We are paid on a negotiated per foot drilled rate on completion of the well.
Under turnkey contracts we contract to drill the well for a lump sum amount to a
specified depth and provide most of the equipment and services required. We bear
the risk of drilling the well to the contract depth and are paid when the
contract provisions are completed.

Under turnkey contracts we may incur losses if we underestimate the
costs to drill the well or if unforeseen events occur. To date, we have not
experienced significant losses in performing turnkey contracts. In 2003, we
drilled six turnkey wells and turnkey revenue represented 1% of our contract
drilling revenues as compared to 15 turnkey wells and turnkey revenue
representing 4% for 2002. We did not have any turnkey contracts in progress at
December 31, 2003. Because market conditions as well as the desires of our
customers determine the use of turnkey contracts, we can't predict whether the
portion of drilling conducted on a turnkey basis will increase or decrease in
the future.

Customers. During 2003, 10 customers accounted for approximately 53% of our
total contract drilling revenues. Chesapeake Operating, Inc. was our largest
customer providing 15% of our total contract drilling revenues. Our contract
drilling operations drilled 43 wells in 2003 which were operated by our
exploration and production segment. These wells also have working interests
which are owned by limited partnerships for which we acted as general partner.
As required by the Securities and Exchange Commission, the profit received by
our contract drilling segment of $841,000 and $1,883,000 during 2002 and 2003,
respectively, was used to reduce the carrying value of our oil and natural gas
properties rather than being included in our profits in current operations.

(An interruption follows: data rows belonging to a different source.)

lemma card_channels_on_merged:
  assumes "P v1 = P v2" and "\<And>y. m v1 y \<noteq> 0 \<Longrightarrow> P y = P v"
  shows "card (channels_on V m P) = card (channels_on (merge ` V) merged (P(w := P v1)))"
proof -
  define extend where
    "extend D = expand D \<union> (if odd (nbr_count m v1 (expand D)) then {v} else {})" for D
  have "bij_betw collapse (channels_on V m P) (channels_on (insert w rest) merged (P(w := P v1)))"
  proof (rule bij_betw_byWitness[where f' = extend])
    show "\<forall>C\<in>channels_on V m P. extend (collapse C) = C"
    proof
      fix C assume "C \<in> channels_on V m P"
      then have "C \<subseteq> V" "C \<in> channels V m" by (auto simp: channels_on_def channels_def)
      then have "v1 \<in> C \<longleftrightarrow> v2 \<in> C" "v \<in> C \<longleftrightarrow> odd (nbr_count m v1 (C - {v}))"
        using channel_iff by blast+
      then show "extend (collapse C) = C"
        using \<open>C \<subseteq> V\<close> by (auto simp: extend_def expand_collapse)
    qed
    show "\<forall>D\<in>channels_on (insert w rest) merged (P(w := P v1)). collapse (extend D) = D"
      unfolding extend_def using collapse_expand by (auto simp: channels_on_def channels_def)
    show "collapse ` channels_on V m P \<subseteq> channels_on (insert w rest) merged (P(w := P v1))"
    proof safe
      fix C assume C: "C \<in> channels_on V m P"
      then have sub: "C \<subseteq> V" and "C \<in> channels V m" and P_C: "\<forall>x\<in>C. P x"
        by (auto simp: channels_on_def channels_def)
      then have "v1 \<in> C \<longleftrightarrow> v2 \<in> C"
        and "even (nbr_count m v1 (C - {v}) + nbr_count m v2 (C - {v}))"
        and "\<forall>x\<in>rest. even (nbr_count m x (C - {v}))"
        using channel_iff by blast+
      then have "collapse C \<in> channels (insert w rest) merged"
        using merged_channel_iff[OF collapse_subset[OF sub]] expand_collapse[OF sub] by simp
      moreover have "\<forall>x\<in>collapse C. (P(w := P v1)) x"
        using P_C fresh sub by (auto simp: collapse_def)
      ultimately show "collapse C \<in> channels_on (insert w rest) merged (P(w := P v1))"
        by (simp add: channels_on_def)
    qed
    show "extend ` channels_on (insert w rest) merged (P(w := P v1)) \<subseteq> channels_on V m P"
    proof safe
      fix D assume D: "D \<in> channels_on (insert w rest) merged (P(w := P v1))"
      then have sub: "D \<subseteq> insert w rest" and P_D: "\<forall>x\<in>D. (P(w := P v1)) x"
        and "D \<in> channels (insert w rest) merged"
        by (auto simp: channels_on_def channels_def)
      then have parity: "even (nbr_count m v1 (expand D) + nbr_count m v2 (expand D))"
        "\<forall>x\<in>rest. even (nbr_count m x (expand D))"
        using merged_channel_iff by blast+
      have ext: "extend D \<subseteq> V" "extend D - {v} = expand D"
        "v \<in> extend D \<longleftrightarrow> odd (nbr_count m v1 (expand D))"
        using expand_subset[OF sub] v_in by (auto simp: extend_def)
      have "v1 \<in> expand D \<longleftrightarrow> v2 \<in> expand D"
        using sub v1_neq_v2 by (auto simp: expand_def)
      then have "extend D \<in> channels V m"
        unfolding channel_iff[OF ext(1)] ext(2,3) using parity centre_distinct
        by (auto simp: extend_def)
      moreover have P_expand: "\<forall>x\<in>expand D. P x"
        using P_D assms(1) by (auto simp: expand_def split: if_splits)
      moreover have "P v" if "odd (nbr_count m v1 (expand D))"
        using odd_nbr_count_imp_neighbour[OF that] P_expand assms(2) by blast
      ultimately show "extend D \<in> channels_on V m P"
        by (auto simp: channels_on_def extend_def)
    qed
  qed
  then show ?thesis unfolding merge_image by (rule bij_betw_same_card)
qed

Additional Information. Further information relating to contract drilling
operations can be found in Notes 1, 2 and 10 of Notes to Consolidated Financial
Statements set forth in Item 8 hereof.

5

OUR OIL AND NATURAL GAS BUSINESS

General. In 1979 we began to develop our exploration and production operations
to diversify our contract drilling revenues. Today, our wholly owned subsidiary
conducts our exploration and production activities. Our producing oil and
natural gas properties, undeveloped leaseholds and related assets are mainly in
Oklahoma, Texas, Louisiana and New Mexico and, to a lesser extent, in Arkansas,
North Dakota, Colorado, Wyoming, Montana, Alabama, Mississippi, Illinois,
Michigan, Nebraska and Canada.

The following table presents certain information regarding the company's
oil and gas operations as of December 31, 2003.

Average Daily
Production
-----------------------
Number of
Gross Number of
Property/Area Wells Net Wells Mcf Bbls
------------- ---------- ---------- ---------- ----------

Western Division
(includes the Rocky
Mountain Region,
New Mexico, Western
and Southern Texas
and the Gulf Coast
Region) 981 254.44 13,600 880

East Division
(consists principally
of the Appalachian
Region, Arkansas,
parts of East Texas
and Eastern Oklahoma 553 146.04 17,100 40

Central Division
(consist principally
of Kansas, the rest
of Oklahoma and
Texas Panhandle
Areas) 1,794 427.91 25,800 480

Canada 65 1.63 100 --
---------- ---------- ---------- ----------
Total 3,393 830.02 56,600 1,400
========== ========== ========== ==========

When we are the operator of a property, we generally employ our own
drilling rigs.


6

Acquisition. On January 30, 2004, we acquired the outstanding common stock
of PetroCorp Incorporated for $182.1 million in cash. PetroCorp Incorporated
explored and developed oil and natural gas properties primarily in Texas and
Oklahoma. Approximately 84% of the oil and natural gas properties acquired in
the acquisition are located in the Mid-Continent and Permian basins, while 6%
are located in the Rocky Mountains and 10% are located in the Gulf Coast basin.
The acquired properties increase our reserve base by approximately 56.7 billion
equivalent cubic feet of natural gas and provide additional locations for
development drilling in the future. With the acquisition of PetroCorp
Incorporated we also entered into a new $150 million credit facility to replace
our existing loan agreement as more fully discussed in Note 4 to the
Consolidated Financial Statements in Item 8 hereof.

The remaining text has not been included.